Anonymous wrote:The cynical view - I think this is a factor, though even the supporters of immerson programs try to deny it to others, as well as to themselves - if you have a program like this you (1) privilege those who can speak the language on one side in terms of difficulty of participation in the program, if not technically in terms of the DC lottery terms and (2) allow those who get comfortable with the program to create an in-culture; and (3) this is most important and most strenuously denied by the promoters - it allows the program to REJECT those who can't stick with the language program or NOT ALLOW ENTRY after "time frame X" by students outside the program. That means a language-focuse school gradually sheds students who can't hack it, and that tends to allow the program to be more exclusive and academic.

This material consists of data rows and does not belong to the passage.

(* There is a universal constant $C\geq1$ such that the following holds. Let $s\in\mathbb{N}$ and let $T$ be the set of all 1-Lipschitz functions $f:\mathbb{R}^{s}\to\mathbb{R}$ with $f(0)=0$. For $0<\delta\leq1$ define on $T$ the norm \[\|f\|_{(\delta)}=\sup_{x\in\mathbb{R}^{s}}\frac{|f(x)|}{\|x\|_{2}^{1+\delta}+1}.\] Then for all $\epsilon>0$ and $0<\delta\leq 1$, \[\log N(T,\|\cdot\|_{(\delta)},\epsilon)\leq\left(\frac{C\sqrt{s}}{\epsilon}\right)^{s}\frac{1}{\delta}.\]
   Context: 1-Lipschitz means $|f(x)-f(y)|\leq\|x-y\|_{2}$ for the Euclidean norm. For a metric space $(T,\rho)$, the covering number $N(T,\rho,\epsilon)$ is the smallest size of $S\subset T$ such that every element of $T$ is within distance $\epsilon$ of some element of $S$ (here $\rho(f,h)=\|f-h\|_{(\delta)}$). *)

theory Defs
  imports "HOL-Analysis.Analysis" "HOL-Library.Extended_Nat"
begin

text \<open>R^s is represented by functions nat \<Rightarrow> real vanishing at indices \<ge> s.\<close>
definition Rs :: "nat \<Rightarrow> (nat \<Rightarrow> real) set" where
  "Rs s = {x. \<forall>i\<ge>s. x i = 0}"

definition enorm :: "nat \<Rightarrow> (nat \<Rightarrow> real) \<Rightarrow> real" where
  "enorm s x = L2_set x {..<s}"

Most importantly, the students that schools (and parents) don't want are the homeless or near-homeless children of the uneducated and shiftless who are commonly behavior and academic problem children. Having a schooling requirement - the language - that requires more than just showing up at several stages: lottery, attendance, testing, year-to-year progress - functions to not allow these true loser students to continue to be in your kids' schools.
LOOK nobody knows how to deal with these kids and they make it hard for families to want to go to the "comprehensive" schools of last resort for their kids' schooling when they know disruptive losers will be their kids' fellow students.
But trying to keep your kids segregated from those kids is definitely part of the attraction of these language schools, the oddest of which probably remains this revived language of 1 country/10 million people that has no obvious use besides moving to Tel Aviv or passing your bar mitzvah.
SO, some people will deny what I'm talking about, but generally there's more truth in the BS I spewed above than they want to admit.
This poster could not be more off base when it comes to Sela. I have a friend whose special needs/lower income child is at Sela with an IEP and they have been fantastic for this child, who is in the upper grades and has been there for years. Likewise, I have another friend whose child is more advanced and Sela has been great about trying to accommodate and challenge that child. Both kids are URM. (Sela has a large URM population).
I’ve only heard great things about the school and from what I hear the only reason people leave early is because of the middle school issue.
To answer the OP’s question, one of my friends with a kid there is a devout Christian and sees value in learning Hebrew because of the Hebrew scriptures, in addition to the fact that they think language immersion of any kind is great. They went there after getting shut out of other immersion programs but have decided to stay because it really is a fantastic school.